Optionally, the second storage module 610 is further configured to, after receiving an input signal of a target object, issue an alarm signal to the target object when the input signal does not conform to the target rule.
Optionally, the second storage module 610 detects an entity of the topic map corresponding to the input signal after receiving the input signal of the target object; advancing a display order of correspondent entity labels associated with the entities.
Optionally, the second storage module 610 stores the modified entities on the topic map into a knowledge base, where the entity includes at least one of: inserting the entity into the knowledge base when the entity is not retrieved from the knowledge base; when the entity is searched in the knowledge base, updating the entity in the knowledge base according to the entity on the corrected theme map, and displaying at least one of the following information of the entity stored in the knowledge base on the theme map: attributes, surrounding entities, relationships.
The information storage device comprises a processor and a memory, wherein the entity identification module 602, the modeling module 604, the object rule building module 606 and the first storage module 608, the second storage module 610 and the like are stored in the memory as program units, and the processor executes the program units stored in the memory to realize corresponding functions.
The processor comprises a kernel, and the kernel calls the corresponding program unit from the memory. The kernel can be set to be one or more than one, the increment information is converted into the triple by adjusting the kernel parameters, then the triple is mapped into the attribute graph to form the theme graph, and the theme graph is stored in the knowledge base, so that the problems of low accuracy and large resource consumption in the process of storing the increment information into the knowledge base in the related technology are solved.

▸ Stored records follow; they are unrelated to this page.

lemma ip_star_norm_equivalence:
  assumes "\<xi> 0 = 0" "\<xi> (Suc k) = 1" "\<forall>j\<le>k. \<xi> j < \<xi> (Suc j)"
    and "\<forall>i<n. x i < x (Suc i)" "assumption_S k \<xi> w x n" "pw_space n k p"
  defines "\<sigma> \<equiv> (2 * real k - 1) * ref_quad_legendre_product k \<xi> w"
  shows "sqrt (min 1 (1 - \<sigma>)) * sqrt (pw_ip x n p p) \<le> sqrt (ip_star k \<xi> w x n p p)"
    and "sqrt (ip_star k \<xi> w x n p p) \<le> sqrt (max 1 (1 - \<sigma>)) * sqrt (pw_ip x n p p)"
  using sqrt_bounds_of_perturbation[OF sum_legendre_top_energy_bounds[OF assms(4,6)], of \<sigma>]
  unfolding ip_star_self[OF assms(1-6)] \<sigma>_def by (simp_all only: mult.assoc)

theorem proposition3p10:
  fixes k :: nat and \<xi> w :: "nat \<Rightarrow> real" and Cq :: real
  assumes "\<xi> 0 = 0" and "\<xi> (Suc k) = 1" and "\<forall>j\<le>k. \<xi> j < \<xi> (Suc j)"
  shows "\<exists>c>0. \<exists>C>0. \<forall>(x::nat \<Rightarrow> real) n.
     (n \<ge> 1 \<and> (\<forall>i<n. x i < x (Suc i)) \<and> quasi_uniform Cq x n \<and> assumption_S k \<xi> w x n) \<longrightarrow>
     ((\<forall>p q. pw_space n k p \<and> pw_space n (k - 1) q \<longrightarrow> ip_star k \<xi> w x n p q = pw_ip x n p q)
      \<and> (\<forall>p. pw_space n k p \<longrightarrow>
            c * sqrt (pw_ip x n p p) \<le> sqrt (ip_star k \<xi> w x n p p)
          \<and> sqrt (ip_star k \<xi> w x n p p) \<le> C * sqrt (pw_ip x n p p)))"
proof -
  define \<sigma> where "\<sigma> = (2 * real k - 1) * ref_quad_legendre_product k \<xi> w"
  \<comment> \<open>If \<open>\<sigma> \<ge> 1\<close>, no mesh satisfies (S) and any \<open>c\<close> will do.\<close>
  define c where "c = (if \<sigma> < 1 then sqrt (min 1 (1 - \<sigma>)) else 1)"
  define C where "C = sqrt (max 1 (1 - \<sigma>))"
  have "c > 0" "C > 0" by (simp_all add: c_def C_def)
  moreover have "(\<forall>p q. pw_space n k p \<and> pw_space n (k - 1) q \<longrightarrow> ip_star k \<xi> w x n p q = pw_ip x n p q)
      \<and> (\<forall>p. pw_space n k p \<longrightarrow>
            c * sqrt (pw_ip x n p p) \<le> sqrt (ip_star k \<xi> w x n p p)
          \<and> sqrt (ip_star k \<xi> w x n p p) \<le> C * sqrt (pw_ip x n p p))"
    if "n \<ge> 1" "\<forall>i<n. x i < x (Suc i)" "assumption_S k \<xi> w x n" for x n
  proof -
    have "\<sigma> < 1" using ref_quad_legendre_product_less[of k \<xi> w x n 0] that by (simp add: \<sigma>_def)
    then show ?thesis
      using ip_star_consistent[OF assms that(2,3)] ip_star_norm_equivalence[OF assms that(2,3)]
      by (simp add: c_def C_def \<sigma>_def)
  qed
  ultimately show ?thesis by blast
qed

end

The memory may include volatile memory in a computer readable medium, Random Access Memory (RAM) and/or nonvolatile memory such as Read Only Memory (ROM) or flash memory (flash RAM), and the memory includes at least one memory chip.
An embodiment of the present invention provides a storage medium on which a program is stored, which, when executed by a processor, implements the method of information storage.
The embodiment of the invention provides a processor, which is used for running a program, wherein the Z method for storing information is executed when the program runs.
The embodiment of the invention provides equipment, which comprises a processor, a memory and a program which is stored on the memory and can run on the processor, wherein the processor executes the program and realizes the following steps:
carrying out named entity recognition on the unstructured text to obtain a plurality of entity tags, and storing the entity tags with association between every two entity tags in a triple form to form a triple set;
modeling and representing the entities and/or relations in the attribute graph in the form of an ontology graph to form an attribute graph ontology graph;
constructing a target rule of mapping the triples to the attribute graph according to the output type of each triplet in the triplet set and the attribute ontology graph;
mapping the triples in the triple set into an attribute graph according to the target rule, and storing the attribute graph into a subject map;
receiving an input signal of a target object, correcting the theme map according to the input signal, and storing an entity on the corrected theme map into a knowledge base.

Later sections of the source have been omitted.